Sterling was able to test key levels on Thursday and has maintained it’s recent gains against both the Euro and Dollar going into this mornings open. At present, GBPUSD sits comfortably above 1.3700 and GBPEUR is trading above 1.1800. Sterling’s recent surge is primarily due to a weaker US Dollar and market sentiment becoming increasingly ‘risk-on’. Contributing to the Pound’s vigour is the markets expectation that a Bank of England interest rate hike is imminent. Interestingly, Silvana Tenreyro, recognized as one of the most dovish of MPC members, said in an interview yesterday that “increasing interest rates to combat a temporary rise in inflation” risks being “self defeating”. Tenreyro also expressed her concerns over the UK’s growth, claiming that the economy was weaker than the bank had originally forecast and remains the equivalent of a “full-recession” below its pre-pandemic levels. Despite this, as markets have clearly indicated, these comments have done little to change the prediction among investors that the BoE will hike rates very soon. While there is some resistance to increasing rates, there are more policy makers in favour of raising rates than not. The consensus among the traders is that the BoE will “increase its key rate to 1% by the end of 2022, the highest in more than a decade, from the current level of 0.1%.

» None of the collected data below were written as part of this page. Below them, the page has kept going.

theorem mainTheorem2:
  fixes f :: "(real^'n) \<times> real \<Rightarrow> real^'n"
    and J :: "(real^'n) \<times> real \<Rightarrow> real"
    and s :: real
    and u :: "real \<Rightarrow> real^'n"
    and fu :: "real^'n \<Rightarrow> real^'n^'n"
    and Ju :: "real^'n \<Rightarrow> real^'n"
    and Jbar alpha T :: real
    and psiInf psi r :: "real \<Rightarrow> real^'n"
  assumes f_C2: "C2 f"
    and J_smooth: "smooth_real J"
    and fu_def: "\<And>x. ((\<lambda>v. f (v, s)) has_derivative (\<lambda>h. fu x *v h)) (at x)"
    and Ju_def: "\<And>x. ((\<lambda>v. J (v, s)) has_derivative (\<lambda>h. Ju x \<bullet> h)) (at x)"
    and u_ode: "\<And>t. t \<ge> 0 \<Longrightarrow> (u has_vector_derivative f (u t, s)) (at t within {0..})"
    and Jbar_def: "((\<lambda>T. (1 / T) * integral {0..T} (\<lambda>t. J (u t, s))) \<longlongrightarrow> Jbar) at_top"
    and alpha: "alpha \<noteq> 0"
    and psiInf_bdd: "bounded (psiInf ` {0..})"
    and psiInf_ode: "\<And>t. t \<ge> 0 \<Longrightarrow>
          (psiInf has_vector_derivative (- (transpose (fu (u t)) *v psiInf t) - Ju (u t)))
            (at t within {0..})"
    and psiInf_avg: "((\<lambda>T. (1 / T) * integral {0..T} (\<lambda>t. psiInf t \<bullet> f (u t, s))) \<longlongrightarrow> 0) at_top"
    and T_pos: "T > 0"
    and psi_ode: "\<And>t. t \<in> {0..T} \<Longrightarrow>
          (psi has_vector_derivative (r t - transpose (fu (u t)) *v psi t - Ju (u t)))
            (at t within {0..T})"
    and psi_0: "psi 0 = 0"
    and psi_T: "psi T = 0"
    and r_ode: "\<And>t. t \<in> {0..T} \<Longrightarrow>
          (r has_vector_derivative
             (fu (u t) *v r t
              + (1 / alpha\<^sup>2) *\<^sub>R ((psi t \<bullet> f (u t, s) + J (u t, s) - Jbar) *\<^sub>R f (u t, s))))
            (at t within {0..T})"
  shows "(\<forall>t\<in>{0..T}. \<exists>e' e'' g'.
            ((\<lambda>\<tau>. psi \<tau> - psiInf \<tau>) has_vector_derivative e') (at t within {0..T}) \<and>
            ((\<lambda>\<tau>. vector_derivative (\<lambda>\<sigma>. psi \<sigma> - psiInf \<sigma>) (at \<tau> within {0..T}))
                has_vector_derivative e'') (at t within {0..T}) \<and>
            ((\<lambda>\<tau>. transpose (fu (u \<tau>)) *v (psi \<tau> - psiInf \<tau>))
                has_vector_derivative g') (at t within {0..T}) \<and>
            - e'' - g' + fu (u t) *v e'
              + fu (u t) *v (transpose (fu (u t)) *v (psi t - psiInf t))
              + (1 / alpha\<^sup>2) *\<^sub>R ((f (u t, s) \<bullet> (psi t - psiInf t)) *\<^sub>R f (u t, s)) = 0)
        \<and> psi 0 - psiInf 0 = - psiInf 0
        \<and> psi T - psiInf T = - psiInf T"
proof -
  define e where "e = (\<lambda>\<tau>. psi \<tau> - psiInf \<tau>)"
  define g where "g = (\<lambda>\<tau>. transpose (fu (u \<tau>)) *v e \<tau>)"
  have e_deriv: "(e has_vector_derivative r t - g t) (at t within {0..T})" if "t \<in> {0..T}" for t
    using has_vector_derivative_diff[OF psi_ode[OF that]
        has_vector_derivative_within_subset[OF psiInf_ode]] that
    by (auto simp: e_def g_def algebra_simps)
  have g_diff: "g differentiable (at t within {0..T})" if "t \<in> {0..T}" for t
    unfolding g_def
  proof (rule differentiable_transpose_partial_derivative_along[OF f_C2 fu_def])
    show "u differentiable (at t within {0..T})"
      using that has_vector_derivative_within_subset[OF u_ode, of t "{0..T}"]
      by (auto intro: differentiableI_vector)
    show "e differentiable (at t within {0..T})"
      using e_deriv[OF that] by (rule differentiableI_vector)
  qed
  define g' where "g' t = vector_derivative g (at t within {0..T})" for t
  have g_deriv: "(g has_vector_derivative g' t) (at t within {0..T})" if "t \<in> {0..T}" for t
    unfolding g'_def using g_diff[OF that] vector_derivative_works by blast
  define e'' where "e'' t = fu (u t) *v r t
      + (1 / alpha\<^sup>2) *\<^sub>R ((psi t \<bullet> f (u t, s) + J (u t, s) - Jbar) *\<^sub>R f (u t, s)) - g' t" for t
  have e'_deriv: "((\<lambda>\<tau>. vector_derivative e (at \<tau> within {0..T})) has_vector_derivative e'' t)
      (at t within {0..T})" if "t \<in> {0..T}" for t
    unfolding e''_def using T_pos e_deriv that has_vector_derivative_diff[OF r_ode g_deriv, OF that that]
    by (rule has_vector_derivative_vector_derivative_within_interval)
  have source: "psi t \<bullet> f (u t, s) + J (u t, s) - Jbar = f (u t, s) \<bullet> e t" if "t \<ge> 0" for t
    using adjoint_shadowing_pairing_eq_mean[OF fu_def Ju_def u_ode Jbar_def psiInf_ode psiInf_avg, of t] that
    by (simp add: e_def inner_diff_right inner_commute[of "f (u t, s)"])
  have "- e'' t - g' t + fu (u t) *v (r t - g t) + fu (u t) *v g t
      + (1 / alpha\<^sup>2) *\<^sub>R ((f (u t, s) \<bullet> e t) *\<^sub>R f (u t, s)) = 0" if "t \<ge> 0" for t
    unfolding e''_def source[OF that] by (simp add: algebra_simps)
  then show ?thesis
    using e_deriv e'_deriv g_deriv psi_0 psi_T unfolding e_def g_def by fastforce
qed

end
abbreviation r_A_minus :: "complex \<Rightarrow> 'a \<Rightarrow> 'a" where
  "r_A_minus \<mu> \<equiv> \<lambda>x. r_A x - \<mu> *\<^sub>C x"

lemma linear_on_r_A: "linear_on UNIV r_A"
  unfolding rat_op_def
  by (intro linear_on_add_fun linear_on_scale_id linear_on_sum_fun linear_on_scale_fun
      linear_on_resolvent_power regular_poles) auto

lemma r_A_zero: "r_A 0 = 0"
  by (rule linear_on_zero[OF complex_vector.subspace_UNIV linear_on_r_A])

lemma r_A_in_dom_inf: "x \<in> dom_inf D A \<Longrightarrow> r_A x \<in> dom_inf D A"
  unfolding rat_op_def
  by (intro complex_vector.subspace_add[OF dom_inf.subspace_V] complex_vector.subspace_scale[OF dom_inf.subspace_V]
      complex_vector.subspace_sum[OF dom_inf.subspace_V] resolvent_power_in_dom_inf regular_poles) auto

lemma r_A_commute_A:
  assumes x: "x \<in> dom_inf D A"
  shows "r_A (A x) = A (r_A x)"
proof -
  note subspace = dom_inf.subspace_V and linear = dom_inf.linear_on_T
  let ?S = "\<lambda>j. \<Sum>i=1..\<nu> j. \<omega> j i *\<^sub>C (resolvent D A (zs j) ^^ i) x"
  have R_in: "(resolvent D A (zs j) ^^ i) x \<in> dom_inf D A" if "j \<in> {1..N}" for i j
    using resolvent_power_in_dom_inf[OF regular_poles[OF that] x] .
  have S_in: "?S j \<in> dom_inf D A" if "j \<in> {1..N}" for j
    using R_in[OF that]
    by (intro complex_vector.subspace_sum[OF subspace] complex_vector.subspace_scale[OF subspace])
  have A_S: "A (?S j) = (\<Sum>i=1..\<nu> j. \<omega> j i *\<^sub>C (resolvent D A (zs j) ^^ i) (A x))"
    if "j \<in> {1..N}" for j
    using R_in[OF that]
    by (simp add: linear_on_sum[OF subspace linear] linear_on_scale[OF linear]
        complex_vector.subspace_scale[OF subspace] resolvent_power_commute_A[OF regular_poles[OF that] x])
  have "(\<Sum>j=1..N. ?S j) \<in> dom_inf D A"
    using S_in by (rule complex_vector.subspace_sum[OF subspace])
  then have "A (r_A x) = A (\<omega>0 *\<^sub>C x) + A (\<Sum>j=1..N. ?S j)"
    unfolding rat_op_def using x by (simp add: linear_on_add[OF linear] complex_vector.subspace_scale[OF subspace])
  also have "A (\<Sum>j=1..N. ?S j) = (\<Sum>j=1..N. A (?S j))"
    using linear_on_sum[OF subspace linear S_in] .
  also have "(\<Sum>j=1..N. A (?S j)) = (\<Sum>j=1..N. \<Sum>i=1..\<nu> j. \<omega> j i *\<^sub>C (resolvent D A (zs j) ^^ i) (A x))"
    using A_S by (rule sum.cong[OF refl])
  also have "A (\<omega>0 *\<^sub>C x) = \<omega>0 *\<^sub>C A x"
    by (rule linear_on_scale[OF linear x])
  finally show ?thesis unfolding rat_op_def by simp
qed

lemma r_A_minus_const_dom_pow:
  assumes "x \<in> dom_pow D A m"
  shows "r_A x - \<omega>0 *\<^sub>C x \<in> dom_pow D A (Suc m)"
proof -
  have "r_A x - \<omega>0 *\<^sub>C x = (\<Sum>j=1..N. \<Sum>i=1..\<nu> j. \<omega> j i *\<^sub>C (resolvent D A (zs j) ^^ i) x)"
    unfolding rat_op_def by simp
  also have "\<dots> \<in> dom_pow D A (Suc m)"
    using assms
    by (intro complex_vector.subspace_sum[OF subspace_dom_pow] complex_vector.subspace_scale[OF subspace_dom_pow]
        resolvent_power_dom_pow[OF regular_poles]) auto
  finally show ?thesis .
qed

text \<open>Since \<open>r(A) - \<omega>0\<close> gains one degree of regularity, \<open>r(A) - \<mu>\<close> with \<open>\<mu> \<noteq> \<omega>0\<close> cannot
  lose any.\<close>
lemma r_A_minus_reflects_dom_pow:
  assumes "\<mu> \<noteq> \<omega>0"
  shows "r_A_minus \<mu> x \<in> dom_pow D A m \<Longrightarrow> x \<in> dom_pow D A m"
proof (induct m)
  case 0 then show ?case by simp
next
  case (Suc m)
  then have x: "x \<in> dom_pow D A m" using dom_pow_Suc_subset by blast
  have "(\<omega>0 - \<mu>) *\<^sub>C x = r_A_minus \<mu> x - (r_A x - \<omega>0 *\<^sub>C x)"
    by (simp add: algebra_simps)
  also have "\<dots> \<in> dom_pow D A (Suc m)"
    using Suc.prems r_A_minus_const_dom_pow[OF x] by (rule complex_vector.subspace_diff[OF subspace_dom_pow])
  finally have "inverse (\<omega>0 - \<mu>) *\<^sub>C (\<omega>0 - \<mu>) *\<^sub>C x \<in> dom_pow D A (Suc m)"
    by (rule complex_vector.subspace_scale[OF subspace_dom_pow])
  then show ?case using assms by simp
qed

lemma funpow_r_A_minus_reflects_dom_pow:
  assumes "\<mu> \<noteq> \<omega>0"
  shows "(r_A_minus \<mu> ^^ n) x \<in> dom_pow D A m \<Longrightarrow> x \<in> dom_pow D A m"
  by (induct n arbitrary: x) (auto simp only: funpow_Suc_right o_apply funpow_0
      dest: r_A_minus_reflects_dom_pow[OF assms])

lemma funpow_r_A_minus_eq_0_imp_dom_inf:
  assumes "\<mu> \<noteq> \<omega>0" "(r_A_minus \<mu> ^^ n) u = 0"
  shows "u \<in> dom_inf D A"
  unfolding mem_dom_inf_iff
  using funpow_r_A_minus_reflects_dom_pow[OF assms(1)] assms(2) complex_vector.subspace_0[OF subspace_dom_pow]
  by metis

lemma r_A_poly_op_denom:
  assumes u: "u \<in> dom_inf D A"
  shows "r_A (poly_op A denom u) = poly_op A numer u"
proof -
  have "(resolvent D A (zs j) ^^ i) (poly_op A denom u) = poly_op A (cofactor j i) u"
    if "j \<in> {1..N}" "i \<in> {1..\<nu> j}" for j i
    using denom_eq_cofactor[OF that(1), of i] that
      resolvent_power_poly_op[OF regular_poles[OF that(1)] dom_inf.poly_op_in[OF u]]
    by (simp add: dom_inf.poly_op_mult[OF u])
  then show ?thesis
    unfolding rat_op_def numer_def using u
    by (simp add: dom_inf.poly_op_add dom_inf.poly_op_smult dom_inf.poly_op_sum)
qed

text \<open>The polynomial identity \<open>(r - \<mu>) q = numer - \<mu> q\<close> lifted to the operators; the powers
  of \<open>q(A)\<close> can be collected on one side because \<open>r(A)\<close> commutes with \<open>A\<close>.\<close>
lemma poly_op_power_numer_minus_denom:
  assumes u: "u \<in> dom_inf D A"
  shows "poly_op A ((numer - smult \<mu> denom) ^ n) u = poly_op A (denom ^ n) ((r_A_minus \<mu> ^^ n) u)"
proof (induct n)
  case 0 then show ?case by simp
next
  case (Suc n)
  let ?w = "(r_A_minus \<mu> ^^ n) u"
  have L_in: "r_A_minus \<mu> x \<in> dom_inf D A" if "x \<in> dom_inf D A" for x
    using that r_A_in_dom_inf by (simp add: complex_vector.subspace_diff[OF dom_inf.subspace_V]
        complex_vector.subspace_scale[OF dom_inf.subspace_V])
  have L_lin: "linear_on (dom_inf D A) (r_A_minus \<mu>)"
    using linear_on_subset[OF linear_on_diff_fun[OF linear_on_r_A linear_on_scale_id]] by blast
  have L_comm: "r_A_minus \<mu> (A x) = A (r_A_minus \<mu> x)" if "x \<in> dom_inf D A" for x
    using that r_A_commute_A r_A_in_dom_inf
    by (simp add: linear_on_diff[OF dom_inf.subspace_V dom_inf.linear_on_T] linear_on_scale[OF dom_inf.linear_on_T]
        complex_vector.subspace_scale[OF dom_inf.subspace_V])
  have w: "?w \<in> dom_inf D A" using funpow_in[OF L_in u] .
  have "poly_op A ((numer - smult \<mu> denom) ^ Suc n) u
      = poly_op A (numer - smult \<mu> denom) (poly_op A (denom ^ n) ?w)"
    using u by (simp add: dom_inf.poly_op_mult Suc)
  also have "\<dots> = r_A_minus \<mu> (poly_op A (denom ^ Suc n) ?w)"
    using w dom_inf.poly_op_in
    by (simp add: dom_inf.poly_op_diff dom_inf.poly_op_smult dom_inf.poly_op_mult r_A_poly_op_denom)
  also have "\<dots> = poly_op A (denom ^ Suc n) ((r_A_minus \<mu> ^^ Suc n) u)"
    using dom_inf.poly_op_commute[OF L_lin L_in L_comm w] by simp
  finally show ?case .
qed
section \<open>Vanishing under uniform dissipation\<close>

lemma eventually_square_ge_on_interval:
  fixes G :: "nat \<Rightarrow> real \<Rightarrow> real"
  assumes conv: "(\<lambda>j. G j t) \<longlonglongrightarrow> g"
    and lipschitz: "\<And>j s. s \<in> {t..t + h} \<Longrightarrow> \<bar>G j s - G j t\<bar> \<le> L * \<bar>s - t\<bar>"
    and "L \<ge> 0" "L * h \<le> \<epsilon> / 2" "\<epsilon> \<le> \<bar>g\<bar>" "\<epsilon> > 0"
  shows "eventually (\<lambda>j. \<forall>s\<in>{t..t + h}. (\<epsilon> / 4)^2 \<le> (G j s)^2) sequentially"
proof -
  from LIMSEQ_D[OF conv, of "\<epsilon> / 4"] \<open>\<epsilon> > 0\<close>
  have "eventually (\<lambda>j. \<bar>G j t - g\<bar> < \<epsilon> / 4) sequentially" by (auto simp: eventually_sequentially)
  thus ?thesis
  proof eventually_elim
    case (elim j)
    show ?case
    proof
      fix s assume s: "s \<in> {t..t + h}"
      have "\<bar>s - t\<bar> \<le> h" using s by auto
      hence "\<bar>G j s - G j t\<bar> \<le> L * h"
        using lipschitz[OF s] mult_left_mono[OF _ \<open>L \<ge> 0\<close>] by (meson order.trans)
      hence "\<epsilon> / 4 \<le> \<bar>G j s\<bar>" using elim \<open>L * h \<le> \<epsilon> / 2\<close> \<open>\<epsilon> \<le> \<bar>g\<bar>\<close> by linarith
      thus "(\<epsilon> / 4)^2 \<le> (G j s)^2"
        using \<open>\<epsilon> > 0\<close> by (metis abs_le_square_iff abs_of_pos zero_less_divide_iff zero_less_numeral)
    qed
  qed
qed
lemma integral_abs_ipw_mean_tendsto: "(\<lambda>n. \<integral>\<omega>. \<bar>ipw_mean w q y n \<omega> - c\<bar> \<partial>M) \<longlonglongrightarrow> 0"
proof -
  define a where "a j \<omega> = s * y j / q j \<omega>" for j \<omega>
  have a_past: "a j \<in> borel_measurable (past M K Y0 Y1 j)" if "1 \<le> j" for j
    using q_past[OF that] unfolding a_def[abs_def] by measurable
  have a_bounded: "\<bar>a j \<omega>\<bar> \<le> \<bar>s\<bar> * (Mb / \<delta>)" if "1 \<le> j" "\<omega> \<in> space M" for j \<omega>
    using q_bounds[OF that] y_bounded[OF that(1)] \<delta> Mb_nonneg
    by (simp add: a_def abs_mult abs_divide mult_left_mono frac_le)
  define m where "m n = (\<integral>\<omega>. \<bar>(1 / real n) * (\<Sum>j=1..n. (K j \<omega> - p j \<omega>) * a j \<omega>)\<bar> \<partial>M)" for n
  have m: "m \<longlonglongrightarrow> 0"
    unfolding m_def by (rule integral_abs_martingale_mean_tendsto_zero[OF design p_bounds a_past a_bounded])
  have "(\<lambda>n. m n + \<bar>Ybar y n - c\<bar>) \<longlonglongrightarrow> 0 + 0"
    using m y_mean by (intro tendsto_add tendsto_rabs_zero) (simp_all add: LIM_zero)
  then have upper: "(\<lambda>n. m n + \<bar>Ybar y n - c\<bar>) \<longlonglongrightarrow> 0"
    by simp
  have le: "\<forall>\<^sub>F n in sequentially. (\<integral>\<omega>. \<bar>ipw_mean w q y n \<omega> - c\<bar> \<partial>M) \<le> m n + \<bar>Ybar y n - c\<bar>"
  proof (rule eventually_sequentiallyI[of 1])
    fix n :: nat assume n: "1 \<le> n"
    have int_m: "integrable M (\<lambda>\<omega>. \<bar>(1 / real n) * (\<Sum>j=1..n. (K j \<omega> - p j \<omega>) * a j \<omega>)\<bar>)"
      by (intro integrable_abs integrable_martingale_mean[OF design p_bounds a_past a_bounded])
    have "\<bar>ipw_mean w q y n \<omega> - c\<bar>
        \<le> \<bar>(1 / real n) * (\<Sum>j=1..n. (K j \<omega> - p j \<omega>) * a j \<omega>)\<bar> + \<bar>Ybar y n - c\<bar>"
      if "\<omega> \<in> space M" for \<omega>
      using ipw_mean_minus_Ybar[OF n that]
        abs_triangle_ineq[of "ipw_mean w q y n \<omega> - Ybar y n" "Ybar y n - c"]
      by (simp add: a_def)
    then have "(\<integral>\<omega>. \<bar>ipw_mean w q y n \<omega> - c\<bar> \<partial>M)
        \<le> (\<integral>\<omega>. \<bar>(1 / real n) * (\<Sum>j=1..n. (K j \<omega> - p j \<omega>) * a j \<omega>)\<bar> + \<bar>Ybar y n - c\<bar> \<partial>M)"
      using int_m by (intro integral_mono') auto
    then show "(\<integral>\<omega>. \<bar>ipw_mean w q y n \<omega> - c\<bar> \<partial>M) \<le> m n + \<bar>Ybar y n - c\<bar>"
      using int_m by (simp add: m_def prob_space)
  qed
  show ?thesis
    by (rule tendsto_sandwich[OF _ le tendsto_const upper]) simp
qed
(* Let $A$ be an abelian group and $B$ a subgroup of $A$ such that $A/B$ is finite and $l$-torsion. Let $R = \mathbb{Z}[1/l]$ and let $M$ be an $RA$-module. Then for every $n \ge 0$ the natural maps \[ H_n(A, M_B) \to H_n(A, M_A), \qquad H^n(A, M^A) \to H^n(A, M^B) \] are isomorphisms.
   Context: For a group $G$ and a $G$-module $M$, $M_G := M/\langle m - gm \mid g \in G, m \in M\rangle$ (coinvariants) and $M^G := \{m \in M \mid gm = m \ \forall g\in G\}$ (invariants). Since $A$ is abelian, $M_B$ and $M^B$ are $A$-modules, and the maps above are induced by the natural $A$-module maps $M_B \to M_A$ and $M^A \to M^B$. Here $l$ is a positive integer and an abelian group is $l$-torsion if every element is annihilated by $l$. *)

theory Defs
  imports Main "HOL-Library.Function_Algebras"
begin

text \<open>Group (co)homology is computed via the standard (inhomogeneous) bar complex:
n-chains are finitely supported functions from lists of length n (elements of A^n) to M;
n-cochains are functions from lists of length n to M.\<close>

definition sgn_pow :: "nat \<Rightarrow> 'm::ab_group_add \<Rightarrow> 'm" where
  "sgn_pow i m = (if even i then m else - m)"

definition single :: "'k \<Rightarrow> 'm::zero \<Rightarrow> 'k \<Rightarrow> 'm" where
  "single x m = (\<lambda>y. if y = x then m else 0)"

text \<open>merge i [g1,...,gk] = [g1,...,g_(i-1), g_i + g_(i+1), g_(i+2),...,gk]\<close>
definition merge :: "nat \<Rightarrow> 'a::plus list \<Rightarrow> 'a list" where
  "merge i x = take (i - 1) x @ [x ! (i - 1) + x ! i] @ drop (i + 1) x"

definition add_subgroup :: "'m::ab_group_add set \<Rightarrow> bool" where
  "add_subgroup S \<longleftrightarrow> 0 \<in> S \<and> (\<forall>x\<in>S. \<forall>y\<in>S. x - y \<in> S)"

text \<open>Submodule generated by m - g m (g in G); M_G = M / coinv_sub act G\<close>
definition coinv_sub :: "('a \<Rightarrow> 'm \<Rightarrow> 'm) \<Rightarrow> 'a set \<Rightarrow> 'm::ab_group_add set" where
  "coinv_sub act G = \<Inter> {S. add_subgroup S \<and> {m - act g m | m g. g \<in> G} \<subseteq> S}"

definition invariants :: "('a \<Rightarrow> 'm \<Rightarrow> 'm) \<Rightarrow> 'a set \<Rightarrow> 'm set" where
  "invariants act G = {m. \<forall>g\<in>G. act g m = m}"

definition chains :: "nat \<Rightarrow> 'm::zero set \<Rightarrow> ('a list \<Rightarrow> 'm) set" where
  "chains n S = {c. finite {x. c x \<noteq> 0} \<and> (\<forall>x. c x \<noteq> 0 \<longrightarrow> length x = n) \<and> (\<forall>x. c x \<in> S)}"

definition bdgen :: "('a::ab_group_add \<Rightarrow> 'm::ab_group_add \<Rightarrow> 'm) \<Rightarrow> 'a list \<Rightarrow> 'm \<Rightarrow> 'a list \<Rightarrow> 'm" where
  "bdgen act x m = (if x = [] then 0 else
     single (tl x) (act (- hd x) m)
     + (\<Sum>i\<in>{1..<length x}. single (merge i x) (sgn_pow i m))
     + single (butlast x) (sgn_pow (length x) m))"

definition bd :: "('a::ab_group_add \<Rightarrow> 'm::ab_group_add \<Rightarrow> 'm) \<Rightarrow> ('a list \<Rightarrow> 'm) \<Rightarrow> 'a list \<Rightarrow> 'm" where
  "bd act c = (\<Sum>x\<in>{x. c x \<noteq> 0}. bdgen act x (c x))"

text \<open>cycles of C_n(A, M/S), represented by chains with values in M\<close>
definition hcycles :: "('a::ab_group_add \<Rightarrow> 'm::ab_group_add \<Rightarrow> 'm) \<Rightarrow> nat \<Rightarrow> 'm set \<Rightarrow> ('a list \<Rightarrow> 'm) set" where
  "hcycles act n S = {c \<in> chains n UNIV. bd act c \<in> chains (n - 1) S}"

definition hrel :: "('a::ab_group_add \<Rightarrow> 'm::ab_group_add \<Rightarrow> 'm) \<Rightarrow> nat \<Rightarrow> 'm set \<Rightarrow> (('a list \<Rightarrow> 'm) \<times> ('a list \<Rightarrow> 'm)) set" where
  "hrel act n S = {(c, c'). c \<in> hcycles act n S \<and> c' \<in> hcycles act n S \<and>
      (\<exists>s\<in>chains n S. \<exists>d\<in>chains (Suc n) UNIV. c - c' = s + bd act d)}"

definition group_homology :: "('a::ab_group_add \<Rightarrow> 'm::ab_group_add \<Rightarrow> 'm) \<Rightarrow> nat \<Rightarrow> 'm set \<Rightarrow> ('a list \<Rightarrow> 'm) set set" where
  "group_homology act n S = hcycles act n S // hrel act n S"

text \<open>natural map H_n(A, M/S) \<rightarrow> H_n(A, M/T) for S \<subseteq> T, induced by M/S \<rightarrow> M/T\<close>
definition hmap :: "('a::ab_group_add \<Rightarrow> 'm::ab_group_add \<Rightarrow> 'm) \<Rightarrow> nat \<Rightarrow> 'm set \<Rightarrow> ('a list \<Rightarrow> 'm) set \<Rightarrow> ('a list \<Rightarrow> 'm) set" where
  "hmap act n T X = \<Union> ((\<lambda>c. hrel act n T `` {c}) ` X)"

definition cochains :: "nat \<Rightarrow> 'm::zero set \<Rightarrow> ('a list \<Rightarrow> 'm) set" where
  "cochains n N = {f. (\<forall>x. length x = n \<longrightarrow> f x \<in> N) \<and> (\<forall>x. length x \<noteq> n \<longrightarrow> f x = 0)}"

definition cbd :: "('a::ab_group_add \<Rightarrow> 'm::ab_group_add \<Rightarrow> 'm) \<Rightarrow> nat \<Rightarrow> ('a list \<Rightarrow> 'm) \<Rightarrow> 'a list \<Rightarrow> 'm" where
  "cbd act n f x = (if length x = Suc n then
      act (hd x) (f (tl x)) + (\<Sum>i\<in>{1..n}. sgn_pow i (f (merge i x)))
      + sgn_pow (Suc n) (f (butlast x))
    else 0)"

definition cocycles :: "('a::ab_group_add \<Rightarrow> 'm::ab_group_add \<Rightarrow> 'm) \<Rightarrow> nat \<Rightarrow> 'm set \<Rightarrow> ('a list \<Rightarrow> 'm) set" where
  "cocycles act n N = {f \<in> cochains n N. cbd act n f = 0}"

definition coboundaries :: "('a::ab_group_add \<Rightarrow> 'm::ab_group_add \<Rightarrow> 'm) \<Rightarrow> nat \<Rightarrow> 'm set \<Rightarrow> ('a list \<Rightarrow> 'm) set" where
  "coboundaries act n N = (case n of 0 \<Rightarrow> {0} | Suc k \<Rightarrow> cbd act k ` cochains k N)"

Given the “softer tone around the longer-dated US Treasury bond yields”, GBPUSD made upside advances in yesterday’s session but was unable to sustain those gains by the close. Cable opened the day at 1.3687 and closed the day at 1.3685.
Contrasts in approach to monetary policy was the main contributor of GBPEUR rise on Thursday. After starting the day at 1.1798, the pair surpassed the 1.18 handle and was able to close at 1.1807.
EURUSD dropped off slightly on Thursday. The pair started at 1.1601 and closed at 1.1591.